As for UI test revision pull requests, we created a mechanism to run automated tests only for revised tests, in order to save time. We can specify the package name of the test we want to run in the comment for the pull request to restrict the scope of the automated test.

Figure. Example comment

Figure. Procedure to restrict testing based on GitHub comments

This process is shown above.
A GitHub API is used to obtain comments from pull requests, and the package name for testing is specified when generating the YAML file for Flank test configuration.

Excerpt from generated YAML

gcloud:
  ## Omitted

  test-targets:
    - size large
    - package <package name> # The package name obtained from the comment is placed here

  ## Omitted

Issue 2: Increasing number of automated testing failures

As described earlier, we do not run regression testing for each pull request. This can break testing due to unanticipated impact from feature implementation. Leaving this unresolved would increase the number of tests that need to be manually recovered, so we continue to maintain existing automated tests while also doing development work.

An automated test could fail for any number of reasons (including API problems), and it would take an enormous amount of work to confirm reasons for failure for every single test.
In order to reduce the amount of time spent on this, the Merpay Android Team prepares a report summarizing test results for each test case on TestRail, which is checked weekly so that we can find tests with a high failure ratio and make changes as required.

Figure.
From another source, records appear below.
(* Let $K\subset\mathbb{R}^2$ be a convex body of area $1$ and let $R$ be a rectangle inscribed in $K$ with area $r\le 1/2$. Then at least one of the four caps of $R$ in $K$ has area at least $\frac14\big(\sqrt{1-2r}+1-r\big)$.
   Context: A convex body is a compact convex set with nonempty interior. A parallelogram (in particular a rectangle) $P$ is inscribed in $K$ if its four vertices lie on $\partial K$. In that case $\mathrm{int}(K)\setminus P$ has four connected components (one beyond each side of $P$), and their closures are called the caps of $P$ in $K$. *)

theory Defs
  imports "HOL-Analysis.Analysis"
begin

definition convex_body :: "(real^2) set \<Rightarrow> bool" where
  "convex_body K \<longleftrightarrow> compact K \<and> convex K \<and> interior K \<noteq> {}"

definition is_rectangle :: "real^2 \<Rightarrow> real^2 \<Rightarrow> real^2 \<Rightarrow> real^2 \<Rightarrow> bool" where
  "is_rectangle a b c d \<longleftrightarrow> a \<noteq> b \<and> a \<noteq> d \<and> (b - a) \<bullet> (d - a) = 0 \<and> c = b + d - a"

definition rectangle_inscribed ::
  "(real^2) set \<Rightarrow> real^2 \<Rightarrow> real^2 \<Rightarrow> real^2 \<Rightarrow> real^2 \<Rightarrow> bool" where
  "rectangle_inscribed K a b c d \<longleftrightarrow> is_rectangle a b c d \<and>
     a \<in> frontier K \<and> b \<in> frontier K \<and> c \<in> frontier K \<and> d \<in> frontier K"
lemma pair_quadrics_comb_through_six: "pair_quadrics_comb p c \<in> quads_through (p ` {0..5})"
  unfolding pair_quadrics_comb_def
  by (intro qform.subspace_sum qform.subspace_scale subspace_quads_through pair_quadrics_through_six)

context
  fixes p :: "nat \<Rightarrow> complex^4"
begin

text \<open>Oriented by the indices, these rules let the simplifier sort every bracket of the points
  \<open>p i\<close> into increasing order.\<close>

lemma bracket_sort:
  "j < i \<Longrightarrow> bracket (p i) (p j) c d = - bracket (p j) (p i) c d"
  "j < i \<Longrightarrow> bracket a (p i) (p j) d = - bracket a (p j) (p i) d"
  "j < i \<Longrightarrow> bracket a b (p i) (p j) = - bracket a b (p j) (p i)"
  by (simp_all only: bracket_swap_12[of "p j" "p i"] bracket_swap_23[of _ "p j" "p i"]
      bracket_swap_34[of _ _ "p j" "p i"] minus_minus)

lemma pair_quadrics_comb_eq_0_imp:
  assumes gen: "bracket (p 0) (p 1) (p 2) (p 5) * bracket (p 0) (p 2) (p 3) (p 4) * bracket (p 1) (p 3) (p 4) (p 5)
            - bracket (p 0) (p 1) (p 2) (p 4) * bracket (p 2) (p 3) (p 4) (p 5) * bracket (p 0) (p 1) (p 3) (p 5) \<noteq> 0"
    (is "?g \<noteq> 0")
    and comb: "pair_quadrics_comb p c = 0"
  shows "c = 0"
proof -
  text \<open>A quadric vanishing at \<open>p a\<close> and \<open>p b\<close> takes at \<open>p a + p b\<close> the value of its polar
    form. The fifteen resulting relations are linear in \<open>c\<close>, and together with the
    Grassmann-Pluecker relations among the brackets of the six points they force \<open>?g * c = 0\<close>.\<close>
  have polar: "qeval (pair_quadrics_comb p c) (p a + p b) = 0" for a b
    using comb by (simp add: qeval_zero)
  have "?g * c$1 = 0 \<and> ?g * c$2 = 0 \<and> ?g * c$3 = 0 \<and> ?g * c$4 = 0"
    using polar[of 0 1] polar[of 0 2] polar[of 0 3] polar[of 0 4] polar[of 0 5]
    polar[of 1 2] polar[of 1 3] polar[of 1 4] polar[of 1 5] polar[of 2 3]
    polar[of 2 4] polar[of 2 5] polar[of 3 4] polar[of 3 5] polar[of 4 5]
    grassmann_pluecker[of "p 0" "p 1" "p 2" "p 3" "p 4" "p 5"]
    grassmann_pluecker[of "p 0" "p 2" "p 1" "p 3" "p 4" "p 5"]
    grassmann_pluecker[of "p 0" "p 3" "p 1" "p 2" "p 4" "p 5"]
    grassmann_pluecker[of "p 0" "p 4" "p 1" "p 2" "p 3" "p 5"]
    grassmann_pluecker[of "p 0" "p 5" "p 1" "p 2" "p 3" "p 4"]
    grassmann_pluecker[of "p 1" "p 2" "p 0" "p 3" "p 4" "p 5"]
    grassmann_pluecker[of "p 1" "p 3" "p 0" "p 2" "p 4" "p 5"]
    grassmann_pluecker[of "p 1" "p 4" "p 0" "p 2" "p 3" "p 5"]
    grassmann_pluecker[of "p 1" "p 5" "p 0" "p 2" "p 3" "p 4"]
    grassmann_pluecker[of "p 2" "p 3" "p 0" "p 1" "p 4" "p 5"]
    grassmann_pluecker[of "p 2" "p 4" "p 0" "p 1" "p 3" "p 5"]
    grassmann_pluecker[of "p 2" "p 5" "p 0" "p 1" "p 3" "p 4"]
    grassmann_pluecker[of "p 3" "p 4" "p 0" "p 1" "p 2" "p 5"]
    grassmann_pluecker[of "p 3" "p 5" "p 0" "p 1" "p 2" "p 4"]
    grassmann_pluecker[of "p 4" "p 5" "p 0" "p 1" "p 2" "p 3"]
    by (simp (no_asm_use) only: qeval_pair_quadrics_comb bracket_add bracket_repeated bracket_sort
        numeral_less_iff zero_less_numeral zero_less_one one_less_numeral_iff Num.less_num_simps
        mult_minus_left mult_minus_right minus_minus) algebra
  then show ?thesis
    using gen by (simp add: vec_eq_iff forall_4)
qed
(* Let $p,q$ be consecutive patterns of length 4 satisfying the standing assumptions below, and let $\epsilon\in I_n$ with $T:=\operatorname{Em}(p,\epsilon)$. Consider the following iterative procedure: (a) compute $T=\operatorname{Em}(p,\epsilon)$; (b) change all occurrences of $p$ at positions in $T$ to $q$, and call the resulting sequence $\epsilon'$; (c) let $S=\operatorname{Em}(q,\epsilon')$ and change all occurrences of $q$ at positions in $S\setminus T$ to $p$, calling the result again $\epsilon'$; (d) repeat step (c) until $S\setminus T=\emptyset$, so that $\epsilon'$ has $q$ occurring exactly at the positions in $T$. Then the output $\epsilon'$ of this procedure equals $\phi_{=T}(\epsilon)$, where $\phi_{=T}$ is the recursively defined bijection described below.
   Context: An inversion sequence of length $n$ is an integer sequence $\epsilon_1\cdots\epsilon_n$ with $0\le\epsilon_i<i$; $I_n$ is the set of them. The reduction of an integer word replaces each occurrence of its $k$-th smallest distinct value by $k-1$. A consecutive pattern $p=\underline{p_1p_2p_3p_4}$ occurs in $\epsilon$ at position $i$ if the reduction of $\epsilon_i\cdots\epsilon_{i+3}$ is $p_1p_2p_3p_4$; $\operatorname{Em}(p,\epsilon)$ is the set of such $i$. A pattern is non-overlapping if no two of its occurrences in any sequence overlap in more than one entry. Standing assumptions: $p$ and $q$ are each non-overlapping, agree in their first entries and in their last entries, have the same maximum entry $d$, and each contains every value in $\{0,\dots,d\}$. Change operation: if $p$ occurs at $i$, let $f$ be the order-preserving bijection from $\{0,\dots,d\}$ onto the set of values $\{\epsilon_i,\dots,\epsilon_{i+3}\}$ (so $\epsilon_{i+j-1}=f(p_j)$); changing the occurrence to $q$ replaces $\epsilon_{i+j-1}$ by $f(q_j)$, $j=1,\dots,4$ (symmetrically from $q$ to $p$). It is assumed such changes on inversion sequences always yield inversion sequences. Let $I_{n,p}(\supseteq T)=\{\epsilon\in I_n:\operatorname{Em}(p,\epsilon)\supseteq T\}$, $I_{n,p}(=T)=\{\epsilon\in I_n:\operatorname{Em}(p,\epsilon)=T\}$, and similarly for $q$. $\phi_{\ge T}:I_{n,p}(\supseteq T)\to I_{n,q}(\supseteq T)$ changes the occurrences of $p$ at all positions of $T$ to $q$; it is assumed to be a bijection, with inverse $\phi^{-1}_{\ge T}$ changing the occurrences of $q$ at positions of $T$ to $p$. The maps $\phi_{=T}:I_{n,p}(=T)\to I_{n,q}(=T)$ and $\psi_{=T}=\phi_{=T}^{-1}$ are defined by mutual recursion: to compute $\phi_{=T}(\epsilon)$, set $\eta:=\phi_{\ge T}(\epsilon)$; then repeatedly let $S:=\operatorname{Em}(q,\eta)$; if $S=T$ output $\eta$, otherwise (then $S\supsetneq T$) replace $\eta$ by $\phi_{\ge T}(\psi_{=S}(\eta))$ and repeat. To compute $\psi_{=T}(\eta)$, set $\epsilon:=\phi^{-1}_{\ge T}(\eta)$; then repeatedly let $R:=\operatorname{Em}(p,\epsilon)$; if $R=T$ output $\epsilon$, otherwise replace $\epsilon$ by $\phi^{-1}_{\ge T}(\phi_{=R}(\epsilon))$ and repeat. *)

theory Defs
  imports Main
begin

text \<open>Words are lists of natural numbers; positions are 1-indexed as in the paper,
  so position i of xs is xs ! (i - 1).\<close>

definition inv_seq :: "nat \<Rightarrow> nat list \<Rightarrow> bool" where
  "inv_seq n xs \<longleftrightarrow> length xs = n \<and> (\<forall>i<n. xs ! i < Suc i)"

definition red :: "nat list \<Rightarrow> nat list" where
  "red w = map (\<lambda>x. card {y \<in> set w. y < x}) w"

definition window :: "nat \<Rightarrow> nat list \<Rightarrow> nat \<Rightarrow> nat list" where
  "window m xs i = take m (drop (i - 1) xs)"

definition Em :: "nat list \<Rightarrow> nat list \<Rightarrow> nat set" where
  "Em p xs = {i. 1 \<le> i \<and> i + length p \<le> length xs + 1 \<and> red (window (length p) xs i) = p}"

definition non_overlapping :: "nat list \<Rightarrow> bool" where
  "non_overlapping p \<longleftrightarrow>
     (\<forall>(w::nat list) i j. i \<in> Em p w \<longrightarrow> j \<in> Em p w \<longrightarrow> i < j \<longrightarrow> i + length p - 1 \<le> j)"

text \<open>Change the occurrence (of some pattern) at position i into the pattern r:
  with f the order preserving bijection from {0..d} onto the values of the window,
  entry i+j-1 becomes f(r_j).\<close>
definition change :: "nat list \<Rightarrow> nat list \<Rightarrow> nat \<Rightarrow> nat list" where
  "change r xs i =
     (let vs = sorted_list_of_set (set (window (length r) xs i)) in
      map (\<lambda>k. if i - 1 \<le> k \<and> k < i - 1 + length r then vs ! (r ! (k - (i - 1))) else xs ! k)
          [0..<length xs])"

text \<open>Change the occurrences at all positions of T into r (phi_{>=T} with r = q,
  its inverse with r = p).\<close>
definition change_all :: "nat list \<Rightarrow> nat set \<Rightarrow> nat list \<Rightarrow> nat list" where
  "change_all r T xs = foldl (\<lambda>ys i. change r ys i) xs (sorted_list_of_set T)"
TestRail report

Issue 3: Cases where reusing test customer data results in failure

Test results for Merpay may differ depending on the status of customer data used for testing.

For example, tests for adding points to an account require special attention.
We might not get the results we expect when we reuse customer data, as shown in the test below.

First round

Add 1,000 points.
1,000 points are added to the current amount, so "1,000 points" is displayed.

Second round

Add 1,000 points.
The expected test result is 1,000 points, but since the account already has 1,000 points, "2,000 points" is displayed.

In this case, the test would succeed as long as we obtain the current number of points prior to adding more points and run the test only on the difference. However, tests are run in parallel when executing from the CI, and the number of points displayed my differ from the expected value depending on when the test is run.

At Merpay, we use a tool called user-tkool, which provides an API for creating customer data in a test environment. We can use this to create new customer data each time a test is run prior to running the test, which will resolve this issue.

Future issues

We’ve just begun to automate regression testing, and there are still plenty of issues left to resolve. Of particular concern are maintenance costs. We’d like to reduce the amount of work involved in adding more tests or modifying existing tests.

We plan to enhance automated testing templates and snippets, and implement a mechanism to automatically identify tests requiring modification from the weekly report.

Summary

In this article, we covered the efforts of the Merpay Android Team to automate regression testing, and also discussed some issues we’ve encountered and the solutions we’ve implemented.

Although automating and operating regression tests can be a lot of work, the changes we made have allowed us to maintain a one-week release schedule. We hope to continue to deliver high-quality applications quickly to our customers.